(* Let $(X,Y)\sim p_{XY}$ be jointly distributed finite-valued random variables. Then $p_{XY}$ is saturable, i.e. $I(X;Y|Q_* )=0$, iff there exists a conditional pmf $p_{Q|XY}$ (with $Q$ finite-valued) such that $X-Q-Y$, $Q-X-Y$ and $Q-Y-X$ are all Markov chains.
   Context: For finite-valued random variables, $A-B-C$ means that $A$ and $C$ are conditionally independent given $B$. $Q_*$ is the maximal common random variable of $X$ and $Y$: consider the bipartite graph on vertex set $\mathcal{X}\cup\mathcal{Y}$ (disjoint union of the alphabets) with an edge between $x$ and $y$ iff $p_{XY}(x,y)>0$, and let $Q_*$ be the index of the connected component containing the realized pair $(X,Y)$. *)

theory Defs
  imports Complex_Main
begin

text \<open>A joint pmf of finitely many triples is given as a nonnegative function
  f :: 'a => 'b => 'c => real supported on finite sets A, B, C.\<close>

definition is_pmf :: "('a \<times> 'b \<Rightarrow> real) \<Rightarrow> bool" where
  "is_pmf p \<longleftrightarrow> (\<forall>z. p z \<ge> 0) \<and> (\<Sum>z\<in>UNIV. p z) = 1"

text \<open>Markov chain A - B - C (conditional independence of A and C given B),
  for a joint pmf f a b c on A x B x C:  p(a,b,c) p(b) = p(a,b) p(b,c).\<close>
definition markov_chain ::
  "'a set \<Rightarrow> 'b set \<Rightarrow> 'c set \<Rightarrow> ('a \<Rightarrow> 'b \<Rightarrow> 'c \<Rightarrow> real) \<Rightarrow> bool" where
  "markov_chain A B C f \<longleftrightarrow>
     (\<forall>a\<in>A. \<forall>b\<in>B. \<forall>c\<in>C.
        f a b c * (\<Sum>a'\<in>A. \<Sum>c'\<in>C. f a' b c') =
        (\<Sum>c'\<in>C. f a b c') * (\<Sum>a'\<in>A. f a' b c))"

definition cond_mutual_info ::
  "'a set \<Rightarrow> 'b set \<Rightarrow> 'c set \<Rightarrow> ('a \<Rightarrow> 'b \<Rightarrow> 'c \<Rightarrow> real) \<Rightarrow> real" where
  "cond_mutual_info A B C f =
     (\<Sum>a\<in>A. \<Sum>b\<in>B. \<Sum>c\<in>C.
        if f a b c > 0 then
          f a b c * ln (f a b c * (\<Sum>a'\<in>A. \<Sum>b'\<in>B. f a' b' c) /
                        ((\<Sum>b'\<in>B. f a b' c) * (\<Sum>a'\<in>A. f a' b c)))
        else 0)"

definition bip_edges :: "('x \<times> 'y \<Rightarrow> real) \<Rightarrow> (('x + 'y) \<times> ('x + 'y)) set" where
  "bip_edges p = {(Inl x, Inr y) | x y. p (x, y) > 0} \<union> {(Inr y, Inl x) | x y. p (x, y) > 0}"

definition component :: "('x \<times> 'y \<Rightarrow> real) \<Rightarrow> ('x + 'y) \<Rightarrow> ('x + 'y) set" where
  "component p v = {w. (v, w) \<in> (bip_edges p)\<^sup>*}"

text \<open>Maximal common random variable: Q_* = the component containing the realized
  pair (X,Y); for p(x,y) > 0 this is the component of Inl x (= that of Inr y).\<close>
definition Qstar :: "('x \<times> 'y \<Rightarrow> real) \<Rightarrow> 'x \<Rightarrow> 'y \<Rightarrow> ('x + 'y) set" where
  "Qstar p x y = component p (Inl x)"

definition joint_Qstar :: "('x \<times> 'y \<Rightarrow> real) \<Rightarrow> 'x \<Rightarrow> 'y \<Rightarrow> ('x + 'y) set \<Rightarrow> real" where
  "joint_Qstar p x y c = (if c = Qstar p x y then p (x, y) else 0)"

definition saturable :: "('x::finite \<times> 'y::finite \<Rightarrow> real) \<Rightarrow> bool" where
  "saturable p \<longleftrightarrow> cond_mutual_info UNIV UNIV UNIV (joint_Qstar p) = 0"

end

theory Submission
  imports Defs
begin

****

Supply only the count of lines above holding "else".

**Problem solution:** 2